No quarto capítulo, que tem como título O lapso do rei Henrique VIII: inveja imperial e a formação da América Britânica, Jorge Cañizares-Esguerra e Bradley J. Dixon analisam o impacto da conquista e a formação do império ibérico no mundo anglo-saxão. Com suas minas e riquezas advindas do Novo Mundo, a Espanha se consolidou como a maior potência na Europa do início da modernidade. Isso, mais a rivalidade com a consolidação da Reforma na Inglaterra, levou os ingleses a buscarem imitar seus rivais castelhanos na construção de colônias na América. Ao longo dos séculos XVI e XVII encontrava-se na península ibérica a inspiração que os ingleses buscavam para a construção de seu próprio império. Foi somente no século XVIII, com a disseminação da “Legenda Negra” e a percepção de que o modelo ibérico não seria viável para os objetivos anglicanos, que a Grã-Bretanha encetou novo processo de povoamento e conquista na América desvinculado do modelo ibérico. Isso, porém não simbolizou o abandono do modelo espanhol. Durante todo o período de construção de suas colônias a Inglaterra teria no seu adversário o exemplo a seguir ou criticar.
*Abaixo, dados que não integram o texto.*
(* Let $k\geq 3$ be an integer, let $G$ be a graph, and let $G'$ be the graph obtained from $G$ by the $k$-edge-gadget transformation (with respect to any choice of orientations). Then $G$ admits a proper $k$-coloring if and only if $G'$ admits a $k$-partial $k$-coloring.
   Context: A $k$-partial $c$-coloring of a graph $G=(V,E)$ is a map $\gamma:V\to\{1,\dots,c\}$ such that every vertex $v$ has at least $\min\{k,\deg_G(v)\}$ neighbors $u$ with $\gamma(u)\neq\gamma(v)$. The $k$-edge-gadget transformation: given a graph $G$ and, for each edge $\{u,v\}\in E(G)$, a fixed choice of ordered pair $(u,v)$, the graph $G'$ is obtained from $G$ by keeping all vertices of $G$, deleting every edge $\{u,v\}$ of $G$, and for each such edge adding $k$ new vertices $(u,v,1),\dots,(u,v,k)$ that form a clique $K_k$, together with the edges $\{u,(u,v,j)\}$ for $j=1,\dots,k-1$ and the edge $\{v,(u,v,k)\}$. (The gadget vertices of distinct edges are distinct.) *)

theory Defs
  imports Main
begin

definition graph :: "'a set \<Rightarrow> 'a set set \<Rightarrow> bool" where
  "graph V E \<longleftrightarrow> finite V \<and> (\<forall>e\<in>E. e \<subseteq> V \<and> card e = 2)"

definition nbrs :: "'a set set \<Rightarrow> 'a \<Rightarrow> 'a set" where
  "nbrs E v = {u. {v, u} \<in> E}"

definition deg :: "'a set set \<Rightarrow> 'a \<Rightarrow> nat" where
  "deg E v = card (nbrs E v)"

definition proper_coloring :: "'a set \<Rightarrow> 'a set set \<Rightarrow> nat \<Rightarrow> ('a \<Rightarrow> nat) \<Rightarrow> bool" where
  "proper_coloring V E c \<gamma> \<longleftrightarrow>
     (\<forall>v\<in>V. \<gamma> v \<in> {1..c}) \<and> (\<forall>u v. {u, v} \<in> E \<longrightarrow> \<gamma> u \<noteq> \<gamma> v)"

definition partial_coloring :: "nat \<Rightarrow> 'a set \<Rightarrow> 'a set set \<Rightarrow> nat \<Rightarrow> ('a \<Rightarrow> nat) \<Rightarrow> bool" where
  "partial_coloring k V E c \<gamma> \<longleftrightarrow>
     (\<forall>v\<in>V. \<gamma> v \<in> {1..c}) \<and>
     (\<forall>v\<in>V. card {u \<in> nbrs E v. \<gamma> u \<noteq> \<gamma> v} \<ge> min k (deg E v))"

definition orientation :: "'a set set \<Rightarrow> ('a \<times> 'a) set \<Rightarrow> bool" where
  "orientation E D \<longleftrightarrow> (\<forall>(u, v)\<in>D. {u, v} \<in> E) \<and>
     (\<forall>e\<in>E. \<exists>!p. p \<in> D \<and> {fst p, snd p} = e)"

datatype 'a gvert = Orig 'a | Gad 'a 'a nat

definition gadget_V :: "nat \<Rightarrow> 'a set \<Rightarrow> ('a \<times> 'a) set \<Rightarrow> 'a gvert set" where
  "gadget_V k V D = Orig ` V \<union> {Gad u v j | u v j. (u, v) \<in> D \<and> 1 \<le> j \<and> j \<le> k}"

definition gadget_E :: "nat \<Rightarrow> ('a \<times> 'a) set \<Rightarrow> 'a gvert set set" where
  "gadget_E k D =
     {{Gad u v i, Gad u v j} | u v i j. (u, v) \<in> D \<and> 1 \<le> i \<and> i \<le> k \<and> 1 \<le> j \<and> j \<le> k \<and> i \<noteq> j}
   \<union> {{Orig u, Gad u v j} | u v j. (u, v) \<in> D \<and> 1 \<le> j \<and> j \<le> k - 1}
   \<union> {{Orig v, Gad u v k} | u v. (u, v) \<in> D}"

end

theory Submission
  imports Defs
begin

text \<open>Every gadget vertex has at most \<open>k\<close> neighbours, so in a \<open>k\<close>-partial colouring all of
them get colours different from its own. Hence the \<open>k\<close> clique vertices of the gadget of
\<open>(u, v)\<close> use all \<open>k\<close> colours; \<open>u\<close> avoids the colours of \<open>(u, v, 1), \<dots>, (u, v, k - 1)\<close>, so it
shares the colour of \<open>(u, v, k)\<close>, which differs from the colour of \<open>v\<close>. Conversely, a proper
colouring of \<open>G\<close> extends to a proper colouring of \<open>G'\<close>, and a proper colouring is \<open>k\<close>-partial
for every \<open>k\<close>.\<close>

lemma proper_coloring_imp_partial_coloring:
  assumes "proper_coloring V E c \<gamma>"
  shows "partial_coloring k V E c \<gamma>"
proof -
  have "\<gamma> u \<noteq> \<gamma> v" if "u \<in> nbrs E v" for u v
  proof -
    have "{v, u} \<in> E" using that unfolding nbrs_def by simp
    then have "\<gamma> v \<noteq> \<gamma> u" using assms unfolding proper_coloring_def by blast
    then show ?thesis by simp
  qed
  then have "{u \<in> nbrs E v. \<gamma> u \<noteq> \<gamma> v} = nbrs E v" for v
    by blast
  then show ?thesis
    using assms unfolding partial_coloring_def proper_coloring_def deg_def by simp
qed

lemma partial_coloring_low_degree_nbr:
  assumes "partial_coloring k V E c \<gamma>" "v \<in> V" "finite (nbrs E v)" "deg E v \<le> k"
    and "u \<in> nbrs E v"
  shows "\<gamma> u \<noteq> \<gamma> v"
proof -
  have "min k (deg E v) \<le> card {u \<in> nbrs E v. \<gamma> u \<noteq> \<gamma> v}"
    using assms(1,2) unfolding partial_coloring_def by simp
  with assms(4) have "card (nbrs E v) \<le> card {u \<in> nbrs E v. \<gamma> u \<noteq> \<gamma> v}"
    unfolding deg_def by simp
  then have "{u \<in> nbrs E v. \<gamma> u \<noteq> \<gamma> v} = nbrs E v"
    by (intro card_seteq[OF assms(3)]) auto
  then show ?thesis using assms(5) by blast
qed

lemma orientation_arc_edge:
  assumes "graph V E" "orientation E D" "(u, v) \<in> D"
  shows "{u, v} \<in> E" "u \<in> V" "v \<in> V"
proof -
  show "{u, v} \<in> E" using assms(2,3) unfolding orientation_def by auto
  then show "u \<in> V" "v \<in> V" using assms(1) unfolding graph_def by auto
qed

lemma orientation_edge_arc:
  assumes "orientation E D" "{u, v} \<in> E"
  obtains a b where "(a, b) \<in> D" "{a, b} = {u, v}"
proof -
  obtain p where "p \<in> D" "{fst p, snd p} = {u, v}"
    using assms unfolding orientation_def by (meson ex1_implies_ex)
  then show thesis using that[of "fst p" "snd p"] by simp
qed

lemma gadget_E_cliqueI:
  "\<lbrakk>(u, v) \<in> D; i \<in> {1..k}; j \<in> {1..k}; i \<noteq> j\<rbrakk> \<Longrightarrow> {Gad u v i, Gad u v j} \<in> gadget_E k D"
  unfolding gadget_E_def by auto

lemma gadget_E_tailI:
  assumes "(u, v) \<in> D" "j \<in> {1..<k}"
  shows "{Orig u, Gad u v j} \<in> gadget_E k D"
proof -
  have "1 \<le> j \<and> j \<le> k - 1" using assms(2) by auto
  then show ?thesis using assms(1) unfolding gadget_E_def by blast
qed

lemma gadget_E_headI: "(u, v) \<in> D \<Longrightarrow> {Orig v, Gad u v k} \<in> gadget_E k D"
  unfolding gadget_E_def by auto

lemma gadget_E_cases:
  assumes "e \<in> gadget_E k D"
  obtains (clique) u v i j where "e = {Gad u v i, Gad u v j}" "(u, v) \<in> D"
      "i \<in> {1..k}" "j \<in> {1..k}" "i \<noteq> j"
    | (tail) u v j where "e = {Orig u, Gad u v j}" "(u, v) \<in> D" "j \<in> {1..<k}"
    | (head) u v where "e = {Orig v, Gad u v k}" "(u, v) \<in> D"
  using assms unfolding gadget_E_def
proof (elim UnE CollectE exE conjE)
  fix u v i j assume "e = {Gad u v i, Gad u v j}" "(u, v) \<in> D"
    "1 \<le> i" "i \<le> k" "1 \<le> j" "j \<le> k" "i \<noteq> j"
  then show thesis using clique by simp
next
  fix u v j assume "e = {Orig u, Gad u v j}" "(u, v) \<in> D" "1 \<le> j" "j \<le> k - 1"
  then show thesis using tail by simp
next
  fix u v assume "e = {Orig v, Gad u v k}" "(u, v) \<in> D"
  then show thesis using head by simp
qed

lemma nbrs_gadget_Gad:
  assumes "(a, b) \<in> D" "j \<in> {1..k}"
  shows "nbrs (gadget_E k D) (Gad a b j) =
           Gad a b ` ({1..k} - {j}) \<union> {if j < k then Orig a else Orig b}"
proof
  show "nbrs (gadget_E k D) (Gad a b j) \<subseteq>
          Gad a b ` ({1..k} - {j}) \<union> {if j < k then Orig a else Orig b}"
  proof
    fix y assume "y \<in> nbrs (gadget_E k D) (Gad a b j)"
    then have "{Gad a b j, y} \<in> gadget_E k D" unfolding nbrs_def by simp
    then show "y \<in> Gad a b ` ({1..k} - {j}) \<union> {if j < k then Orig a else Orig b}"
      by (cases rule: gadget_E_cases) (use assms(2) in \<open>auto simp: doubleton_eq_iff\<close>)
  qed
  have "{Gad a b j, if j < k then Orig a else Orig b} \<in> gadget_E k D"
    using assms gadget_E_tailI[of a b D j k] gadget_E_headI[of a b D k]
    by (auto simp: insert_commute)
  then show "Gad a b ` ({1..k} - {j}) \<union> {if j < k then Orig a else Orig b} \<subseteq>
               nbrs (gadget_E k D) (Gad a b j)"
    using assms gadget_E_cliqueI[of a b D j k] unfolding nbrs_def by auto
qed

lemma Orig_in_gadget_V: "v \<in> V \<Longrightarrow> Orig v \<in> gadget_V k V D"
  unfolding gadget_V_def by blast

lemma Gad_in_gadget_V: "\<lbrakk>(u, v) \<in> D; j \<in> {1..k}\<rbrakk> \<Longrightarrow> Gad u v j \<in> gadget_V k V D"
  unfolding gadget_V_def atLeastAtMost_iff by blast

lemma gadget_Gad_degree:
  assumes "(a, b) \<in> D" "j \<in> {1..k}"
  shows "finite (nbrs (gadget_E k D) (Gad a b j))" "deg (gadget_E k D) (Gad a b j) \<le> k"
proof -
  let ?C = "Gad a b ` ({1..k} - {j})" and ?x = "if j < k then Orig a else Orig b"
  show "finite (nbrs (gadget_E k D) (Gad a b j))" using nbrs_gadget_Gad[OF assms] by simp
  have "card ?C \<le> k - 1"
    using card_image_le[of "{1..k} - {j}" "Gad a b"] assms(2) by simp
  moreover have "card (?C \<union> {?x}) \<le> card ?C + card {?x}" by (rule card_Un_le)
  moreover have "card {?x} = 1" by simp
  ultimately have "card (?C \<union> {?x}) \<le> k" using assms(2) by auto
  then show "deg (gadget_E k D) (Gad a b j) \<le> k" unfolding deg_def nbrs_gadget_Gad[OF assms] .
qed

lemma partial_coloring_gadget_nbr:
  assumes "partial_coloring k (gadget_V k V D) (gadget_E k D) c \<gamma>" "(a, b) \<in> D" "j \<in> {1..k}"
    and "y \<in> nbrs (gadget_E k D) (Gad a b j)"
  shows "\<gamma> y \<noteq> \<gamma> (Gad a b j)"
  using partial_coloring_low_degree_nbr[OF assms(1) Gad_in_gadget_V[OF assms(2,3)]
      gadget_Gad_degree[OF assms(2,3)] assms(4)] .

lemma partial_coloring_gadget_clique_surj:
  assumes "partial_coloring k (gadget_V k V D) (gadget_E k D) k \<gamma>" "(a, b) \<in> D"
  shows "(\<lambda>j. \<gamma> (Gad a b j)) ` {1..k} = {1..k}"
proof (rule endo_inj_surj)
  have "\<gamma> (Gad a b j) \<in> {1..k}" if "j \<in> {1..k}" for j
    using assms(1) Gad_in_gadget_V[OF assms(2) that] unfolding partial_coloring_def by simp
  then show "(\<lambda>j. \<gamma> (Gad a b j)) ` {1..k} \<subseteq> {1..k}" by blast
  show "inj_on (\<lambda>j. \<gamma> (Gad a b j)) {1..k}"
  proof (rule inj_onI)
    fix i j assume ij: "i \<in> {1..k}" "j \<in> {1..k}" "\<gamma> (Gad a b i) = \<gamma> (Gad a b j)"
    show "i = j"
    proof (rule ccontr)
      assume "i \<noteq> j"
      then have "Gad a b i \<in> nbrs (gadget_E k D) (Gad a b j)"
        using nbrs_gadget_Gad[OF assms(2) ij(2)] ij(1) by blast
      then show False using partial_coloring_gadget_nbr[OF assms ij(2)] ij(3) by blast
    qed
  qed
qed simp

lemma partial_coloring_gadget_separates:
  assumes pc: "partial_coloring k (gadget_V k V D) (gadget_E k D) k \<gamma>"
    and ab: "(a, b) \<in> D" and "a \<in> V"
  shows "\<gamma> (Orig a) \<noteq> \<gamma> (Orig b)"
proof -
  have "\<gamma> (Orig a) \<in> {1..k}"
    using pc Orig_in_gadget_V[OF assms(3)] unfolding partial_coloring_def by blast
  then obtain i where i: "i \<in> {1..k}" "\<gamma> (Orig a) = \<gamma> (Gad a b i)"
    using partial_coloring_gadget_clique_surj[OF pc ab] by (metis imageE)
  have "i = k"
  proof (rule ccontr)
    assume "i \<noteq> k"
    then have "Orig a \<in> nbrs (gadget_E k D) (Gad a b i)"
      using nbrs_gadget_Gad[OF ab i(1)] i(1) by auto
    then show False using partial_coloring_gadget_nbr[OF pc ab i(1)] i(2) by blast
  qed
  moreover have "Orig b \<in> nbrs (gadget_E k D) (Gad a b k)"
    using nbrs_gadget_Gad[OF ab, of k k] i(1) by auto
  ultimately show ?thesis using partial_coloring_gadget_nbr[OF pc ab, of k "Orig b"] i by auto
qed

lemma partial_coloring_gadget_imp_proper_coloring:
  assumes "graph V E" "orientation E D"
    and pc: "partial_coloring k (gadget_V k V D) (gadget_E k D) k \<gamma>"
  shows "proper_coloring V E k (\<gamma> \<circ> Orig)"
  unfolding proper_coloring_def
proof (intro conjI ballI allI impI)
  fix v assume "v \<in> V"
  then have "Orig v \<in> gadget_V k V D" by (rule Orig_in_gadget_V)
  then show "(\<gamma> \<circ> Orig) v \<in> {1..k}" using pc unfolding partial_coloring_def comp_def by blast
next
  fix u v assume "{u, v} \<in> E"
  then obtain a b where ab: "(a, b) \<in> D" "{a, b} = {u, v}"
    using orientation_edge_arc[OF assms(2)] by blast
  then have "\<gamma> (Orig a) \<noteq> \<gamma> (Orig b)"
    using partial_coloring_gadget_separates[OF pc] orientation_arc_edge[OF assms(1,2)] by blast
  with ab(2) show "(\<gamma> \<circ> Orig) u \<noteq> (\<gamma> \<circ> Orig) v" by (auto simp: doubleton_eq_iff)
qed

text \<open>\<open>(u, v, k)\<close> repeats the colour of \<open>u\<close>; \<open>(u, v, 1), \<dots>, (u, v, k - 1)\<close> receive the
remaining colours \<open>{1..k} - {c u}\<close> in increasing order.\<close>
definition gadget_coloring :: "nat \<Rightarrow> ('a \<Rightarrow> nat) \<Rightarrow> 'a gvert \<Rightarrow> nat" where
  "gadget_coloring k c x = (case x of
      Orig w \<Rightarrow> c w
    | Gad u v j \<Rightarrow> if j = k then c u else if j < c u then j else j + 1)"

lemma proper_coloring_gadget_coloring:
  assumes "graph V E" "orientation E D" "proper_coloring V E k c"
  shows "proper_coloring (gadget_V k V D) (gadget_E k D) k (gadget_coloring k c)"
proof -
  have arc: "c u \<in> {1..k}" "c u \<noteq> c v" if "(u, v) \<in> D" for u v
    using orientation_arc_edge[OF assms(1,2) that] assms(3) unfolding proper_coloring_def by auto
  have "gadget_coloring k c x \<in> {1..k}" if "x \<in> gadget_V k V D" for x
    using that assms(3) arc unfolding gadget_V_def proper_coloring_def gadget_coloring_def
    by auto
  moreover have "gadget_coloring k c x \<noteq> gadget_coloring k c y" if "{x, y} \<in> gadget_E k D" for x y
    using that
  proof (cases rule: gadget_E_cases)
    case (clique u v i j)
    then show ?thesis
      using arc[OF clique(2)] by (auto simp: doubleton_eq_iff gadget_coloring_def split: if_splits)
  next
    case (tail u v j)
    then show ?thesis
      using arc[OF tail(2)] by (auto simp: doubleton_eq_iff gadget_coloring_def split: if_splits)
  next
    case (head u v)
    then show ?thesis using arc[OF head(2)] by (auto simp: doubleton_eq_iff gadget_coloring_def)
  qed
  ultimately show ?thesis unfolding proper_coloring_def by blast
qed

theorem lemma3:
  fixes k :: nat and V :: "'a set" and E :: "'a set set" and D :: "('a \<times> 'a) set"
  assumes "k \<ge> 3" and "graph V E" and "orientation E D"
  shows "(\<exists>\<gamma>. proper_coloring V E k \<gamma>) \<longleftrightarrow>
         (\<exists>\<gamma>. partial_coloring k (gadget_V k V D) (gadget_E k D) k \<gamma>)"
proof
  assume "\<exists>\<gamma>. proper_coloring V E k \<gamma>"
  then obtain c where "proper_coloring V E k c" ..
  then have "proper_coloring (gadget_V k V D) (gadget_E k D) k (gadget_coloring k c)"
    using proper_coloring_gadget_coloring assms(2,3) by blast
  then show "\<exists>\<gamma>. partial_coloring k (gadget_V k V D) (gadget_E k D) k \<gamma>"
    using proper_coloring_imp_partial_coloring by blast
next
  assume "\<exists>\<gamma>. partial_coloring k (gadget_V k V D) (gadget_E k D) k \<gamma>"
  then obtain \<gamma> where "partial_coloring k (gadget_V k V D) (gadget_E k D) k \<gamma>" ..
  then show "\<exists>\<gamma>. proper_coloring V E k \<gamma>"
    using partial_coloring_gadget_imp_proper_coloring assms(2,3) by blast
qed

end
Não foi só de pessoas que se constituiu a formação do mundo colonial americano. Benjamin Breen, no quinto capítulo do livro, analisa o Meio ambiente e trocas atlânticas. A migração de povos do Velho para o Novo Mundo se deu por volta de 60.000 anos atrás, segundo as pesquisas desenvolvidas por vários arqueólogos na América. Houve contatos com vikings durante o ano 1.000, mas as colônias por eles fundadas desapareceram sem deixar traços mais profundos. Assim, ao longo de vários séculos, povos, animais e plantas, além dos micro-organismos, estiveram longe do contato com outras espécies. A vinda dos europeus trouxe consigo não apenas as transformações no estilo de vida desses povos, mas representou também o intercâmbio entre diferentes indivíduos e seres vivos. Dessa forma,

[…] a história ambiental do mundo atlântico também ajuda a compreender duas das mais colossais catástrofes da história humana recente. A primeira é a impenetrável tragédia ocasionada pelas mortes de dezenas de milhões de nativos americanos devido a doenças infecciosas como a gripe, o sarampo e a varíola, contra as quais os indígenas não possuíam resistência. A segunda é a contínua diminuição da biodiversidade global, a qual muitos ecologistas identificam agora como a maior extinção em massa desde o desaparecimento dos dinossauros há 65 milhões de anos (p. 247).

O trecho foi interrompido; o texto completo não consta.